Directed by: Gerald Johnstone

Starring: Allison Williams, Jenna Davis, Violet McGraw

Intro: M3GAN Review

Editor's Note: This review covers the PG-13 cut of the film that was shown in theaters. Universal has since released an unrated version of film. Both cuts are available on Peacock. For a breakdown of the differences between the two versions, check out this article from Collider.

Theatrical releases in January tend to be a bit underwhelming. This is when movie studios dump some of their less-promising films.

Also considering the “creepy doll” subgenre has been done many times over, my expectations for this movie were somewhat low. Color me surprised, then, when I had one of the best experiences at the movie theater in recent memory.

M3GAN is the rare film that navigates overlapping elements of comedy and horror with surgical precision to create a film that’s just a damn good time. 

Everybody Needs a Friend

The movie follows Cady (McGraw), a young girl who goes to live with her aunt Gemma (Williams), a robotics energizer for a futuristic toy company, after her parents die in a tragic accident.
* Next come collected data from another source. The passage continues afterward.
theorem mainTheorem7:
  fixes D :: "int list \<Rightarrow> sgn" and d :: nat
  assumes "newton_diagram 2 D"
    and "d \<ge> 1"
    and "supp D = {[a, b] | a b. a \<ge> 0 \<and> b \<ge> 0 \<and> a + b < int d}"
  shows "2 * num_nodes 2 D \<ge> d + 5"
proof -
  interpret triangle_diagram D d using assms(2,3) by unfold_locales
  have fin: "finite (supp D)" using assms(1) by (simp add: newton_diagram_def)
  let ?A = "diag_changes (d - 1)"
  have "(\<Sum>k\<le>d. diag_nodes k) = diag_nodes 0 + (\<Sum>k\<in>{1..<d}. diag_nodes k) + diag_nodes d"
    using sum_atMost_split_ends[OF assms(2)] .
  then have "2 * (\<Sum>k\<le>d. diag_nodes k) \<ge> 2 + ?A + 2 * (int d + 1 - ?A)"
    using diag_nodes_0 diag_changes_telescope[OF assms(2) order_refl] diag_nodes_last by simp
  moreover have "?A \<le> int d - 1"
    using changes_le[of "diag_sign (d - 1)" "d - 1"] assms(2) by (simp add: diag_changes_def)
  moreover have "(\<Sum>k\<le>d. diag_nodes k) \<le> int (num_nodes 2 D)"
    using diag_nodes_le_num_nodes[OF fin] .
  ultimately have "int d + 5 \<le> 2 * int (num_nodes 2 D)"
    by (simp add: algebra_simps)
  then show ?thesis by linarith
qed

end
Gemma is overwhelmed by the demands of her job and has little time to spend with her niece.

To help alleviate the burden of child-rearing, Gemma develops M3GAN (Davis), an artificially-intelligent robot to act as a companion for Cady. M3GAN and Cady form an instant bond, which at first seems innocent enough. Gemma’s colleagues are impressed and hope to manufacture more M3GANs. 

But as M3GAN becomes more of an escape, rather than an enhancement to the “real” world around Cady, this child-android bond becomes unhealthy. What’s more, is that M3GAN becomes distrustful of anyone who isn’t Cady, including her own creator, Gemma.

Gemma must now deal with the monster she’s created as M3GAN’s intentions turn sinister.

Rebooting the Old, Installing the New

The story takes a while to get things in motion. Once it does, hardcore horror fans may be a bit disappointed at the lack of frights. For those accustomed to psychological terrors, jump scares, and/or blood n’ guts, this film provides a fairly tame PG-13 narrative, at least by standards of modern horror films.

Like the Chucky saga or perhaps movies like Gremlins, M3GAN is a film that can make an ideal entry into the world of horror for older kids and young teens. It’s morbid, it’s dark, but it’s also at times laugh-out-loud funny. And the team behind M3GAN know exactly what they’re doing.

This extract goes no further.